Cena provides an odd energy to the voice of Ferdinand that makes the movie work a lot better than it probably should. You can’t help but fall for Ferdinand. He stands for so much hope and kindness as an animal that stereotypically goes in the exact opposite direction. You want Ferdinand to succeed for this very reason.
Some might accuse Ferdinand of being excessively fluffy, but there’s no denying its charm.
Timeless Themes Make Ferdinand Great for the Family
Let’s face it, modern times have been such a downer recently. News stories break left and right about the latest awful developments, putting people into only a lesser, more hostile mood. But, sometimes, film has the magical power of escapism, which Ferdinand does to a degree by being endlessly hopeful and sweet.
Children will enjoy the “don’t judge a book by its cover” motif that’s almost a little too obvious for older viewers. Shockingly enough, there’s even a discussion of animal cruelty thrown into the middle of the plot that works fairly organically. When the Spanish-themed strum of a guitar washes over the screen as Ferdinand loves another being, it’s pretty difficult to not appreciate the film on some level.
Sometimes, all you need is a harmless movie that can provide a break from the real world for an hour or two. Ferdinand can certainly offer that quality to willing viewers.
But, You’ve Seen this Story 1,000 Times Before
However, Ferdinand doesn’t really do much with its themes to make the film entertaining for older audiences. Children will enjoy the sweet relationships and an impromptu bull dance-off (yes, you read that correctly), but adults may start to roll their eyes and become overwhelmed with the sensation to check their phone rather than continue to watch some more uninspired animation. Familiar themes are forgiveable in film. But, refraining from doing anything interesting or creative with those themes is fair game for ridicule.
You have your typical humorous sidekicks that all animated movies contain combined with requests for inclusion that become more generic by the minute. Ferdinand even has a character escape from captives by jumping onboard a cargo train which can ultimately act as a microcosm for the entire movie. You’ll never be in doubt as to where the story is headed, removing what little stakes the film has.
Hamstrung by common story bits, Ferdinand relies on its colorful characters to get by. The problem is, however, that some of these animals become increasingly grating on the nerves, led by Kate McKinnon’s Lupe, a goat that never ceases its infuriating chatter. The writers attempted to add other ancillary characters such as German-voiced horses (because when I think of horses, I think of Germany) and a bull made in a laboratory. These choices are not only baffling, they’re downright annoying.
Ferdinand does so little to stand out from the crowd that it makes reviewing it very difficult. I’m grabbing at straws over here!
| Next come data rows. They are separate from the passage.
(* Let $\mathcal{S}$ be a finite set of locations forming a rectangular grid, identified with a set of integer lattice points $\mathcal{S}\subseteq\mathbb{Z}^2$ (grid cells of unit side length), and let $d_E$ denote the Euclidean distance on $\mathbb{R}^2$. Let $\mathcal{G}_1=(\mathcal{S},\mathcal{E}_1)$ be the location policy graph in which each location $\textbf{s}\in\mathcal{S}$ is joined by an edge to each of its (up to) eight closest grid locations, i.e. $\{\textbf{s},\textbf{s}'\}\in\mathcal{E}_1$ iff $\textbf{s}\neq\textbf{s}'$ and $\max(|s_x-s'_x|,|s_y-s'_y|)=1$. Let $\epsilon>0$. If a randomized algorithm $\mathcal{A}$ with input in $\mathcal{S}$ satisfies $\{\epsilon,\mathcal{G}_1\}$-location privacy, then $\mathcal{A}$ satisfies $\epsilon$-Geo-Indistinguishability, i.e. for all $\textbf{s}_i,\textbf{s}_j\in\mathcal{S}$ and every set $Z$ of outputs, $\Pr(\mathcal{A}(\textbf{s}_i)\in Z)\leq e^{\epsilon\, d_E(\textbf{s}_i,\textbf{s}_j)}\Pr(\mathcal{A}(\textbf{s}_j)\in Z)$.
   Context: A location policy graph is an undirected graph $\mathcal{G}=(\mathcal{S},\mathcal{E})$ whose nodes $\mathcal{S}$ are the possible locations and whose edges $\mathcal{E}$ indicate pairs of locations that must be indistinguishable. Two locations joined by an edge are called 1-neighbors. A randomized algorithm $\mathcal{A}$ taking a location as input satisfies $\{\epsilon,\mathcal{G}\}$-location privacy iff for every set $Z$ of possible outputs and every pair of 1-neighbors $\textbf{s},\textbf{s}'$ in $\mathcal{G}$, $\Pr(\mathcal{A}(\textbf{s})\in Z)\leq e^{\epsilon}\Pr(\mathcal{A}(\textbf{s}')\in Z)$. An algorithm satisfies $\epsilon$-Geo-Indistinguishability iff for all locations $\textbf{s}_i,\textbf{s}_j$ and all output sets $Z$, $\Pr(\mathcal{A}(\textbf{s}_i)\in Z)\leq e^{\epsilon d_E(\textbf{s}_i,\textbf{s}_j)}\Pr(\mathcal{A}(\textbf{s}_j)\in Z)$, where $d_E$ is Euclidean distance. *)

theory Defs
  imports "HOL-Probability.Probability"
begin

type_synonym loc = "int \<times> int"

definition grid :: "int \<Rightarrow> int \<Rightarrow> int \<Rightarrow> int \<Rightarrow> loc set" where
  "grid x0 x1 y0 y1 = {x0..x1} \<times> {y0..y1}"

definition E1 :: "loc \<Rightarrow> loc \<Rightarrow> bool" where
  "E1 s s' \<longleftrightarrow> s \<noteq> s' \<and> max \<bar>fst s - fst s'\<bar> \<bar>snd s - snd s'\<bar> = 1"

definition dE :: "loc \<Rightarrow> loc \<Rightarrow> real" where
  "dE s s' = sqrt ((real_of_int (fst s - fst s'))\<^sup>2 + (real_of_int (snd s - snd s'))\<^sup>2)"

definition randomized_alg :: "loc set \<Rightarrow> (loc \<Rightarrow> 'b measure) \<Rightarrow> bool" where
  "randomized_alg S A \<longleftrightarrow> (\<forall>s\<in>S. prob_space (A s)) \<and>
     (\<forall>s\<in>S. \<forall>s'\<in>S. sets (A s) = sets (A s'))"

definition location_privacy ::
  "real \<Rightarrow> loc set \<Rightarrow> (loc \<Rightarrow> loc \<Rightarrow> bool) \<Rightarrow> (loc \<Rightarrow> 'b measure) \<Rightarrow> bool" where
  "location_privacy \<epsilon> S E A \<longleftrightarrow>
     (\<forall>s\<in>S. \<forall>s'\<in>S. E s s' \<longrightarrow>
        (\<forall>Z\<in>sets (A s). measure (A s) Z \<le> exp \<epsilon> * measure (A s') Z))"

definition geo_ind :: "real \<Rightarrow> loc set \<Rightarrow> (loc \<Rightarrow> 'b measure) \<Rightarrow> bool" where
  "geo_ind \<epsilon> S A \<longleftrightarrow>
     (\<forall>si\<in>S. \<forall>sj\<in>S.
        (\<forall>Z\<in>sets (A si). measure (A si) Z \<le> exp (\<epsilon> * dE si sj) * measure (A sj) Z))"

end

theory Submission
  imports Defs
begin

text \<open>Two grid points at Chebyshev distance \<open>n\<close> are joined in \<open>G\<^sub>1\<close> by a path of \<open>n\<close> edges
  (step diagonally towards the target until one coordinate agrees, then straight), so chaining the
  \<open>{\<epsilon>, G\<^sub>1}\<close>-privacy inequality along the path gives the factor \<open>exp (\<epsilon> n)\<close>. Since the Chebyshev
  distance never exceeds the Euclidean one, this implies \<open>\<epsilon>\<close>-Geo-Indistinguishability.\<close>

definition chebyshev_dist :: "loc \<Rightarrow> loc \<Rightarrow> int" where
  "chebyshev_dist s s' = max \<bar>fst s - fst s'\<bar> \<bar>snd s - snd s'\<bar>"

lemma chebyshev_dist_nonneg: "0 \<le> chebyshev_dist s s'"
  by (simp add: chebyshev_dist_def)

lemma chebyshev_dist_eq_0_iff: "chebyshev_dist s s' = 0 \<longleftrightarrow> s = s'"
  by (cases s; cases s') (auto simp: chebyshev_dist_def max_def)

lemma chebyshev_dist_le_dE: "real_of_int (chebyshev_dist s s') \<le> dE s s'"
proof -
  have "\<bar>real_of_int (fst s - fst s')\<bar> \<le> dE s s'" "\<bar>real_of_int (snd s - snd s')\<bar> \<le> dE s s'"
    unfolding dE_def
    by (metis real_sqrt_abs real_sqrt_le_mono le_add_same_cancel1 zero_le_power2,
        metis real_sqrt_abs real_sqrt_le_mono le_add_same_cancel2 zero_le_power2)
  then show ?thesis by (simp add: chebyshev_dist_def max_def)
qed

lemma grid_step_towards:
  assumes "a \<in> grid x0 x1 y0 y1" "b \<in> grid x0 x1 y0 y1" "a \<noteq> b"
  obtains a' where "a' \<in> grid x0 x1 y0 y1" "E1 a a'"
    "chebyshev_dist a' b = chebyshev_dist a b - 1"
proof -
  obtain ax ay bx "by" where ab: "a = (ax, ay)" "b = (bx, by)" by fastforce
  let ?a' = "(ax + sgn (bx - ax), ay + sgn (by - ay))"
  have "?a' \<in> grid x0 x1 y0 y1" using assms(1,2) by (auto simp: ab grid_def sgn_if)
  moreover have "E1 a ?a'" using assms(3) by (auto simp: ab E1_def sgn_if max_def)
  moreover have "chebyshev_dist ?a' b = chebyshev_dist a b - 1"
    using assms(3) by (auto simp: ab chebyshev_dist_def sgn_if max_def)
  ultimately show thesis by (rule that)
qed

lemma location_privacy_chebyshev_bound:
  assumes alg: "randomized_alg (grid x0 x1 y0 y1) A"
    and priv: "location_privacy \<epsilon> (grid x0 x1 y0 y1) E1 A"
    and a: "a \<in> grid x0 x1 y0 y1" and b: "b \<in> grid x0 x1 y0 y1" and Z: "Z \<in> sets (A a)"
  shows "measure (A a) Z \<le> exp (\<epsilon> * chebyshev_dist a b) * measure (A b) Z"
proof -
  have "measure (A a) Z \<le> exp (\<epsilon> * n) * measure (A b) Z"
    if "chebyshev_dist a b = int n" "a \<in> grid x0 x1 y0 y1" "Z \<in> sets (A a)" for n a
    using that
  proof (induction n arbitrary: a)
    case 0
    then show ?case by (simp add: chebyshev_dist_eq_0_iff)
  next
    case (Suc n)
    then have "a \<noteq> b" by (auto simp flip: chebyshev_dist_eq_0_iff)
    with Suc.prems(2) b obtain a' where a': "a' \<in> grid x0 x1 y0 y1" "E1 a a'"
      and "chebyshev_dist a' b = chebyshev_dist a b - 1"
      by (rule grid_step_towards)
    with Suc.prems(1) have dist_a': "chebyshev_dist a' b = int n" by simp
    have "sets (A a') = sets (A a)" using alg a'(1) Suc.prems(2) unfolding randomized_alg_def by blast
    then have IH: "measure (A a') Z \<le> exp (\<epsilon> * n) * measure (A b) Z"
      using Suc.IH[OF dist_a' a'(1)] Suc.prems(3) by simp
    have "measure (A a) Z \<le> exp \<epsilon> * measure (A a') Z"
      using priv Suc.prems(2,3) a' unfolding location_privacy_def by blast
    also have "\<dots> \<le> exp \<epsilon> * (exp (\<epsilon> * n) * measure (A b) Z)"
      using IH by simp
    also have "\<dots> = exp (\<epsilon> * Suc n) * measure (A b) Z"
      by (simp add: algebra_simps exp_add[symmetric])
    finally show ?case .
  qed
  from this[where n = "nat (chebyshev_dist a b)"] show ?thesis
    using a Z chebyshev_dist_nonneg by simp
qed

theorem theorem1:
  fixes x0 x1 y0 y1 :: int and \<epsilon> :: real and A :: "loc \<Rightarrow> 'b measure"
  assumes "\<epsilon> > 0"
    and "randomized_alg (grid x0 x1 y0 y1) A"
    and "location_privacy \<epsilon> (grid x0 x1 y0 y1) E1 A"
  shows "geo_ind \<epsilon> (grid x0 x1 y0 y1) A"
  unfolding geo_ind_def
proof (intro ballI)
  fix si sj Z
  assume "si \<in> grid x0 x1 y0 y1" "sj \<in> grid x0 x1 y0 y1" "Z \<in> sets (A si)"
  then have "measure (A si) Z \<le> exp (\<epsilon> * chebyshev_dist si sj) * measure (A sj) Z"
    using location_privacy_chebyshev_bound assms(2,3) by blast
  also have "\<dots> \<le> exp (\<epsilon> * dE si sj) * measure (A sj) Z"
    using assms(1) chebyshev_dist_le_dE by (intro mult_right_mono) auto
  finally show "measure (A si) Z \<le> exp (\<epsilon> * dE si sj) * measure (A sj) Z" .
qed

end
Ferdinand will surely please its intended audience with its mostly light and fluffy nature. But, for those older than the age of ten, you’ll quickly put the film out of mind. This animated flick retreads the same old idea of “you can’t judge a book by its cover” without doing anything smart or overly creative. Instead, you’ll be treated to the usual gags that hundreds of animated films have done before. It gets a C+.
I’d be lying if I said that there isn’t some entertainment value in Ferdinand. John Cena embodies Ferdinand, offering a solid lead character to get behind. For the best moviegoing experience, be prepared for a film that won’t reinvent the wheel.